HMS places first in MATHCOUNTS competition
The regional 2019 MATHCOUNTS competition was held at Southeast Kentucky Community and Technical College in Middlesboro recently
The top teams were Harlan Middle, first; Bell Central, second; and James A. Cawood Elementary, third.
Top individual scores were Meredith Allen, Bell Central, first; Dillon Scott, Rosspoint, second; Caleb Rose, Rosspoint, third; Marissa Marlowe, Harlan, fourth; Brett Wes Johnson, Rosspoint, fifth; Krisha Sajnani, Harlan, sixth; Bradley Brock, Wallins, seventh; and Josh Pinkley, Cumberland, eighth.
Allen, the sixth-grade daughter of Waylon and Angela Allen, won a full scholarship to the University of Kentucky.
The top two overall teams advance to the state, along with four individuals — Rose, Scott and Johnson from Rosspoint, and Brock from Wallins.
Dillon Scott won the Countdown Round. Sajnani was second.
Corey Napier, a member of the Kentucky Society of Professional Engineers Pine Mountain Chapter, said the competition is for sixth, seventh and eighth graders.
The competition featured schools from Bell County, Harlan County, Harlan Independent and Middlesboro Independent. These included: Bell Central School Center, Black Mountain Elementary School, Cawood Elementary School, Cumberland Elementary School, Evarts Elementary School, Harlan Middle School, James A Cawood Elementary School, Right Fork School Center, Rosspoint Elementary School, Wallins Elementary School and Middlesboro Middle School.

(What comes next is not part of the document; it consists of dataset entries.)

(* Let $(\mathcal A,\mathbb E)$ be a $B$-valued probability space and $a,b\in\mathcal A$ free. If $\tau\in Y^{be}_{2n}$ and $\sigma\in Y^{bo}_{2n+1}$ ($n\ge0$), then for all $x_1,y_1,\dots,x_n,y_n,x_{n+1}\in B$, $$\kappa_\tau(x_1a,y_1b,\dots,x_na,y_nb)=(k^a\cup k^b)_\tau(x_1,y_1,\dots,x_n,y_n),$$ $$\kappa_\sigma(x_1a,y_1b,\dots,x_na,y_nb,x_{n+1}a)=(k^b\cup k^a)_\sigma(x_1,y_1,\dots,x_n,y_n,x_{n+1}).$$
   Context: $B$ is a unital algebra over a field $\mathbb K$ of characteristic zero. $B$-valued probability space $(\mathcal A,\mathbb E)$: $\mathcal A$ a unital $\mathbb K$-algebra and $B$-bimodule with all mixed triple products associative; $\mathbb E:\mathcal A\to B$ linear, unital, $\mathbb E(xay)=x\mathbb E(a)y$. Freeness of $a,b$: for the $B$-subalgebras $\mathcal A_1,\mathcal A_2$ they generate, $\mathbb E(a_1\cdots a_n)=0$ whenever $n\ge1$, each $\mathbb E(a_i)=0$, $a_i\in\mathcal A_{j_i}$, $j_i\neq j_{i+1}$. Planar binary trees: $Y_0=\{|\}$, $Y_n=\{\sigma\vee\tau:|\sigma|+|\tau|=n-1\}$ ($\sigma\vee\tau$: root with left subtree $\sigma$, right subtree $\tau$). Each $\tau\in Y_n$, $n\ge1$, is uniquely $\tau_1\vee(\tau_2\vee(\cdots\vee(\tau_k\vee|)))$; $j_i=|\tau_1|+\dots+|\tau_i|+i$. $Y^{be}=\{|\}\cup\{\sigma\vee\rho:\sigma\in Y^{bo},\rho\in Y^{be}\}$ and $Y^{bo}=\{\sigma\vee\rho:\sigma,\rho\in Y^{be}\}$ (joint recursive definition); subscripts indicate the number of vertices. Cumulants: multilinear $\kappa_n:\mathcal A^n\to B$ defined by $\mathbb E(a_1\cdots a_n)=\sum_{\tau\in Y_n}\kappa_\tau(a_1,\dots,a_n)$, $\kappa_|=1$, $\kappa_\tau(a_1,\dots,a_n)=\kappa_k(\kappa_{\tau_1}(a_1,\dots,a_{j_1-1})a_{j_1},\dots,\kappa_{\tau_k}(a_{j_{k-1}+1},\dots,a_{j_k-1})a_{j_k})$. For $c\in\mathcal A$: $k^c_0=0$, $k^c_n(x_1,\dots,x_n)=\kappa_n(x_1c,\dots,x_nc)$. For sequences $f,g$ of multilinear maps $B^n\to B$: $(f\cup g)_|=1$, $(f\cup g)_\tau(x_1,\dots,x_n)=g_k((g\cup f)_{\tau_1}(x_1,\dots,x_{j_1-1})x_{j_1},\dots,(g\cup f)_{\tau_k}(x_{j_{k-1}+1},\dots,x_{j_k-1})x_{j_k})$. *)

theory Defs
  imports Main
begin

text \<open>A is a unital ring (type 'a) with left action lm and right action rm of B; the K-action on
A is the one induced through iota (lm (iota c) a = rm a (iota c)), which makes A a unital
K-algebra and a K-linear B-bimodule.\<close>

definition B_prob_space ::
  "('k::field_char_0 \<Rightarrow> 'b::ring_1) \<Rightarrow> ('b \<Rightarrow> 'a::ring_1 \<Rightarrow> 'a) \<Rightarrow> ('a \<Rightarrow> 'b \<Rightarrow> 'a)
     \<Rightarrow> ('a \<Rightarrow> 'b) \<Rightarrow> bool" where
  "B_prob_space iota lm rm E \<longleftrightarrow>
     \<comment> \<open>B is a unital K-algebra\<close>
     iota 1 = 1 \<and> (\<forall>c d. iota (c + d) = iota c + iota d) \<and> (\<forall>c d. iota (c * d) = iota c * iota d)
     \<and> (\<forall>c x. iota c * x = x * iota c)
     \<comment> \<open>A is a B-bimodule (compatible with the K-structure)\<close>
     \<and> (\<forall>x y a. lm (x + y) a = lm x a + lm y a) \<and> (\<forall>x a b. lm x (a + b) = lm x a + lm x b)
     \<and> (\<forall>x y a. lm (x * y) a = lm x (lm y a)) \<and> (\<forall>a. lm 1 a = a)
     \<and> (\<forall>x y a. rm a (x + y) = rm a x + rm a y) \<and> (\<forall>x a b. rm (a + b) x = rm a x + rm b x)
     \<and> (\<forall>x y a. rm a (x * y) = rm (rm a x) y) \<and> (\<forall>a. rm a 1 = a)
     \<and> (\<forall>x y a. lm x (rm a y) = rm (lm x a) y)
     \<and> (\<forall>c a. lm (iota c) a = rm a (iota c))
     \<comment> \<open>all mixed triple products are associative\<close>
     \<and> (\<forall>x a b. lm x (a * b) = lm x a * b)
     \<and> (\<forall>x a b. rm (a * b) x = a * rm b x)
     \<and> (\<forall>x a b. rm a x * b = a * lm x b)
     \<comment> \<open>E is linear, unital and a B-bimodule map\<close>
     \<and> (\<forall>a b. E (a + b) = E a + E b) \<and> E 1 = 1
     \<and> (\<forall>x a y. E (lm x (rm a y)) = x * E a * y)"

inductive_set Bsubalg :: "('b::ring_1 \<Rightarrow> 'a::ring_1 \<Rightarrow> 'a) \<Rightarrow> ('a \<Rightarrow> 'b \<Rightarrow> 'a) \<Rightarrow> 'a \<Rightarrow> 'a set"
  for lm rm c where
  gen: "c \<in> Bsubalg lm rm c"
| one: "1 \<in> Bsubalg lm rm c"
| add: "u \<in> Bsubalg lm rm c \<Longrightarrow> v \<in> Bsubalg lm rm c \<Longrightarrow> u + v \<in> Bsubalg lm rm c"
| mult: "u \<in> Bsubalg lm rm c \<Longrightarrow> v \<in> Bsubalg lm rm c \<Longrightarrow> u * v \<in> Bsubalg lm rm c"
| lact: "u \<in> Bsubalg lm rm c \<Longrightarrow> lm x u \<in> Bsubalg lm rm c"
| ract: "u \<in> Bsubalg lm rm c \<Longrightarrow> rm u x \<in> Bsubalg lm rm c"

text \<open>Freeness of a and b: alternating products of centred elements have expectation 0.
The boolean in each pair records from which subalgebra (True: that of a) the element is.\<close>

definition free_pair ::
  "('b::ring_1 \<Rightarrow> 'a::ring_1 \<Rightarrow> 'a) \<Rightarrow> ('a \<Rightarrow> 'b \<Rightarrow> 'a) \<Rightarrow> ('a \<Rightarrow> 'b) \<Rightarrow> 'a \<Rightarrow> 'a \<Rightarrow> bool" where
  "free_pair lm rm E a b \<longleftrightarrow>
     (\<forall>ps :: ('a \<times> bool) list. ps \<noteq> []
        \<and> (\<forall>i < length ps. fst (ps ! i) \<in> (if snd (ps ! i) then Bsubalg lm rm a else Bsubalg lm rm b)
                           \<and> E (fst (ps ! i)) = 0)
        \<and> (\<forall>i. Suc i < length ps \<longrightarrow> snd (ps ! i) \<noteq> snd (ps ! Suc i))
        \<longrightarrow> E (prod_list (map fst ps)) = 0)"

datatype ptree = Leaf | Node ptree ptree  \<comment> \<open>Node l r = l \<or> r\<close>

fun nodes :: "ptree \<Rightarrow> nat" where
  "nodes Leaf = 0"
| "nodes (Node l r) = Suc (nodes l + nodes r)"

definition Y :: "nat \<Rightarrow> ptree set" where
  "Y n = {t. nodes t = n}"

fun Ybe :: "ptree \<Rightarrow> bool" and Ybo :: "ptree \<Rightarrow> bool" where
  "Ybe Leaf = True"
| "Ybe (Node s r) = (Ybo s \<and> Ybe r)"
| "Ybo Leaf = False"
| "Ybo (Node s r) = (Ybe s \<and> Ybe r)"

text \<open>For tau = tau_1 v (tau_2 v ( ... v (tau_k v |))), kblocks gives the list of the k
arguments kappa_{tau_i}(a_{j_(i-1)+1},...,a_{j_i - 1}) a_{j_i}; kappa is a function on lists
(the length of the list being the arity n).\<close>

fun kblocks :: "('b::ring_1 \<Rightarrow> 'a \<Rightarrow> 'a) \<Rightarrow> ('a list \<Rightarrow> 'b) \<Rightarrow> ptree \<Rightarrow> 'a list \<Rightarrow> 'a list" where
  "kblocks lm \<kappa> Leaf as = []"
| "kblocks lm \<kappa> (Node l r) as =
     lm (if l = Leaf then 1 else \<kappa> (kblocks lm \<kappa> l (take (nodes l) as))) (as ! nodes l)
     # kblocks lm \<kappa> r (drop (Suc (nodes l)) as)"

definition ktree :: "('b::ring_1 \<Rightarrow> 'a \<Rightarrow> 'a) \<Rightarrow> ('a list \<Rightarrow> 'b) \<Rightarrow> ptree \<Rightarrow> 'a list \<Rightarrow> 'b" where
  "ktree lm \<kappa> t as = (if t = Leaf then 1 else \<kappa> (kblocks lm \<kappa> t as))"

definition is_cumulants :: "('b::ring_1 \<Rightarrow> 'a::ring_1 \<Rightarrow> 'a) \<Rightarrow> ('a \<Rightarrow> 'b) \<Rightarrow> ('a list \<Rightarrow> 'b) \<Rightarrow> bool" where
  "is_cumulants lm E \<kappa> \<longleftrightarrow>
     (\<forall>as. E (prod_list as) = (\<Sum>t \<in> Y (length as). ktree lm \<kappa> t as))"

definition kc :: "('b::ring_1 \<Rightarrow> 'a \<Rightarrow> 'a) \<Rightarrow> ('a list \<Rightarrow> 'b) \<Rightarrow> 'a \<Rightarrow> 'b list \<Rightarrow> 'b" where
  "kc lm \<kappa> c xs = (if xs = [] then 0 else \<kappa> (map (\<lambda>x. lm x c) xs))"

text \<open>cblocks f g t xs are the arguments of g_k in (f \<union> g)_t(xs); the inner maps are
(g \<union> f)_{t_i}.\<close>

fun cblocks :: "('b::ring_1 list \<Rightarrow> 'b) \<Rightarrow> ('b list \<Rightarrow> 'b) \<Rightarrow> ptree \<Rightarrow> 'b list \<Rightarrow> 'b list" where
  "cblocks f g Leaf xs = []"
| "cblocks f g (Node l r) xs =
     (if l = Leaf then 1 else f (cblocks g f l (take (nodes l) xs))) * (xs ! nodes l)
     # cblocks f g r (drop (Suc (nodes l)) xs)"

definition cup :: "('b::ring_1 list \<Rightarrow> 'b) \<Rightarrow> ('b list \<Rightarrow> 'b) \<Rightarrow> ptree \<Rightarrow> 'b list \<Rightarrow> 'b" where
  "cup f g t xs = (if t = Leaf then 1 else g (cblocks f g t xs))"

definition alt_args :: "('b \<Rightarrow> 'a \<Rightarrow> 'a) \<Rightarrow> 'a \<Rightarrow> 'a \<Rightarrow> 'b list \<Rightarrow> 'b list \<Rightarrow> 'a list" where
  "alt_args lm a b xs ys = concat (map (\<lambda>(x, y). [lm x a, lm y b]) (zip xs ys))"

definition interleave :: "'b list \<Rightarrow> 'b list \<Rightarrow> 'b list" where
  "interleave xs ys = concat (map (\<lambda>(x, y). [x, y]) (zip xs ys))"

end

theory Submission
  imports Defs
begin

text \<open>Feed kappa the arguments z_1 c, z_2 d, z_3 c, ... By induction on the tree, an even
subtree consumes an even number of arguments, so the pattern continues unchanged after it,
while an odd subtree ends on a c and hands on the pattern with c and d swapped. Absorbing the
prefactor kappa_{tau_i}(...) into the coefficient of a_{j_i}, the inner cumulants become k^c or
k^d of the plain coefficients, which is the block structure of f \<union> g with f and g
interchanged at each level. Only lm (x * y) = lm x o lm y and lm 1 = id are used.\<close>

fun alternate :: "('b::ring_1 \<Rightarrow> 'a \<Rightarrow> 'a) \<Rightarrow> 'a \<Rightarrow> 'a \<Rightarrow> 'b list \<Rightarrow> 'a list" where
  "alternate lm c d [] = []"
| "alternate lm c d (z # zs) = lm z c # alternate lm d c zs"

lemma length_alternate [simp]: "length (alternate lm c d zs) = length zs"
  by (induction zs arbitrary: c d) auto

lemma take_alternate: "take k (alternate lm c d zs) = alternate lm c d (take k zs)"
  by (induction zs arbitrary: c d k) (auto simp: take_Cons split: nat.splits)

lemma drop_alternate:
  "drop k (alternate lm c d zs) =
     (if even k then alternate lm c d (drop k zs) else alternate lm d c (drop k zs))"
  by (induction zs arbitrary: c d k) (auto simp: drop_Cons split: nat.splits)

lemma nth_alternate:
  "i < length zs \<Longrightarrow> alternate lm c d zs ! i = lm (zs ! i) (if even i then c else d)"
  by (induction zs arbitrary: c d i) (auto simp: nth_Cons split: nat.splits)

lemma alternate_append:
  "alternate lm c d (zs @ ws) =
     alternate lm c d zs @ (if even (length zs) then alternate lm c d ws else alternate lm d c ws)"
  by (induction zs arbitrary: c d) auto

lemma alt_args_eq_alternate:
  "length xs = length ys \<Longrightarrow> alt_args lm a b xs ys = alternate lm a b (interleave xs ys)"
  by (induction xs ys rule: list_induct2) (auto simp: alt_args_def interleave_def)

lemma length_interleave: "length xs = length ys \<Longrightarrow> length (interleave xs ys) = 2 * length xs"
  by (induction xs ys rule: list_induct2) (auto simp: interleave_def)

lemma nodes_parity_Ybe_Ybo: "(Ybe t \<longrightarrow> even (nodes t)) \<and> (Ybo t \<longrightarrow> odd (nodes t))"
  by (induction t) auto

lemma even_nodes_if_Ybe: "Ybe t \<Longrightarrow> even (nodes t)"
  using nodes_parity_Ybe_Ybo by blast

lemma odd_nodes_if_Ybo: "Ybo t \<Longrightarrow> odd (nodes t)"
  using nodes_parity_Ybe_Ybo by blast

lemma cblocks_not_Nil: "t \<noteq> Leaf \<Longrightarrow> cblocks f g t xs \<noteq> []"
  by (cases t) auto

lemma kblocks_alternate:
  fixes lm :: "'b::ring_1 \<Rightarrow> 'a \<Rightarrow> 'a" and \<kappa> :: "'a list \<Rightarrow> 'b"
  assumes lm_mult: "\<And>x y z. lm (x * y) z = lm x (lm y z)" and lm_one: "\<And>z. lm 1 z = z"
    and "nodes t = length zs"
  shows "Ybe t \<Longrightarrow> kblocks lm \<kappa> t (alternate lm c d zs)
           = map (\<lambda>z. lm z d) (cblocks (kc lm \<kappa> c) (kc lm \<kappa> d) t zs)"
    and "Ybo t \<Longrightarrow> kblocks lm \<kappa> t (alternate lm c d zs)
           = map (\<lambda>z. lm z c) (cblocks (kc lm \<kappa> d) (kc lm \<kappa> c) t zs)"
  using assms(3)
proof (induction t arbitrary: c d zs)
  case Leaf
  { case 1 show ?case by simp }
  { case 2 then show ?case by simp }
next
  case (Node l r)
  let ?k = "nodes l"
  have split_lengths: "?k < length zs" "nodes l = length (take ?k zs)"
      "nodes r = length (drop (Suc ?k) zs)"
    if "nodes (Node l r) = length zs" for zs :: "'b list"
    using that by auto
  {
    case 1
    then have "Ybo l" "Ybe r" and lengths: "?k < length zs" "nodes l = length (take ?k zs)"
        "nodes r = length (drop (Suc ?k) zs)"
      using split_lengths by auto
    then have "odd ?k" and "l \<noteq> Leaf"
      using odd_nodes_if_Ybo by auto
    with Node.IH(2)[OF \<open>Ybo l\<close> lengths(2), of c d] Node.IH(3)[OF \<open>Ybe r\<close> lengths(3), of c d]
    show ?case
      using lengths(1)
      by (simp add: cblocks_not_Nil take_alternate drop_alternate nth_alternate lm_mult kc_def)
  next
    case 2
    then have "Ybe l" "Ybe r" and lengths: "?k < length zs" "nodes l = length (take ?k zs)"
        "nodes r = length (drop (Suc ?k) zs)"
      using split_lengths by auto
    then have "even ?k"
      using even_nodes_if_Ybe by auto
    with Node.IH(1)[OF \<open>Ybe l\<close> lengths(2), of c d] Node.IH(3)[OF \<open>Ybe r\<close> lengths(3), of d c]
    show ?case
      using lengths(1)
      by (cases "l = Leaf")
        (simp_all add: cblocks_not_Nil take_alternate drop_alternate nth_alternate
          lm_mult lm_one kc_def)
  }
qed

lemma ktree_alternate_Ybe:
  assumes "\<And>x y z. lm (x * y) z = lm x (lm y z)" and "\<And>z. lm 1 z = z"
    and "Ybe t" and "nodes t = length zs"
  shows "ktree lm \<kappa> t (alternate lm c d zs) = cup (kc lm \<kappa> c) (kc lm \<kappa> d) t zs"
  using kblocks_alternate(1)[OF assms(1,2,4,3), of \<kappa> c d] cblocks_not_Nil[of t]
  by (auto simp: ktree_def cup_def kc_def)

lemma ktree_alternate_Ybo:
  assumes "\<And>x y z. lm (x * y) z = lm x (lm y z)" and "\<And>z. lm 1 z = z"
    and "Ybo t" and "nodes t = length zs"
  shows "ktree lm \<kappa> t (alternate lm c d zs) = cup (kc lm \<kappa> d) (kc lm \<kappa> c) t zs"
proof -
  have "t \<noteq> Leaf" using \<open>Ybo t\<close> by auto
  then show ?thesis
    using kblocks_alternate(2)[OF assms(1,2,4,3), of \<kappa> c d] cblocks_not_Nil[of t]
    by (auto simp: ktree_def cup_def kc_def)
qed

theorem lemma4:
  fixes iota :: "'k::field_char_0 \<Rightarrow> 'b::ring_1"
    and lm :: "'b \<Rightarrow> 'a::ring_1 \<Rightarrow> 'a" and rm :: "'a \<Rightarrow> 'b \<Rightarrow> 'a"
    and E :: "'a \<Rightarrow> 'b" and \<kappa> :: "'a list \<Rightarrow> 'b" and a b :: 'a
  assumes "B_prob_space iota lm rm E"
    and "is_cumulants lm E \<kappa>"
    and "free_pair lm rm E a b"
  shows "(\<forall>(\<tau>::ptree) (n::nat) (xs::'b list) (ys::'b list).
            Ybe \<tau> \<and> nodes \<tau> = 2 * n \<and> length xs = n \<and> length ys = n \<longrightarrow>
            ktree lm \<kappa> \<tau> (alt_args lm a b xs ys)
              = cup (kc lm \<kappa> a) (kc lm \<kappa> b) \<tau> (interleave xs ys))
       \<and> (\<forall>(\<sigma>::ptree) (n::nat) (xs::'b list) (ys::'b list) (x::'b).
            Ybo \<sigma> \<and> nodes \<sigma> = 2 * n + 1 \<and> length xs = n \<and> length ys = n \<longrightarrow>
            ktree lm \<kappa> \<sigma> (alt_args lm a b xs ys @ [lm x a])
              = cup (kc lm \<kappa> b) (kc lm \<kappa> a) \<sigma> (interleave xs ys @ [x]))"
proof -
  have lm_mult: "\<And>x y z. lm (x * y) z = lm x (lm y z)" and lm_one: "\<And>z. lm 1 z = z"
    using assms(1) unfolding B_prob_space_def by auto
  have "alt_args lm a b xs ys @ [lm x a] = alternate lm a b (interleave xs ys @ [x])"
    if "length xs = length ys" for xs ys :: "'b list" and x
    using that by (simp add: alt_args_eq_alternate alternate_append length_interleave)
  then show ?thesis
    by (auto simp: alt_args_eq_alternate length_interleave
        intro!: ktree_alternate_Ybe[OF lm_mult lm_one] ktree_alternate_Ybo[OF lm_mult lm_one])
qed

end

Napier, a professional engineer for Vaughn and Melton Consulting Engineers Inc., said MATHCOUNTS is a national math enrichment, coaching and competition program that promotes middle school mathematics achievement through grassroots involvement in every U.S. state and territory.
MATHCOUNTS is one of the most successful education partnerships involving volunteers, educators and industry sponsors and students, Napier said.
The organization’s mission statement is to increase enthusiasm for and enhance achievement in middle school mathematics throughout the United States, he said. It is supported primarily by the Kentucky Society of Professional Engineers, the National Council for Teachers of Mathematics and the CAN Foundation.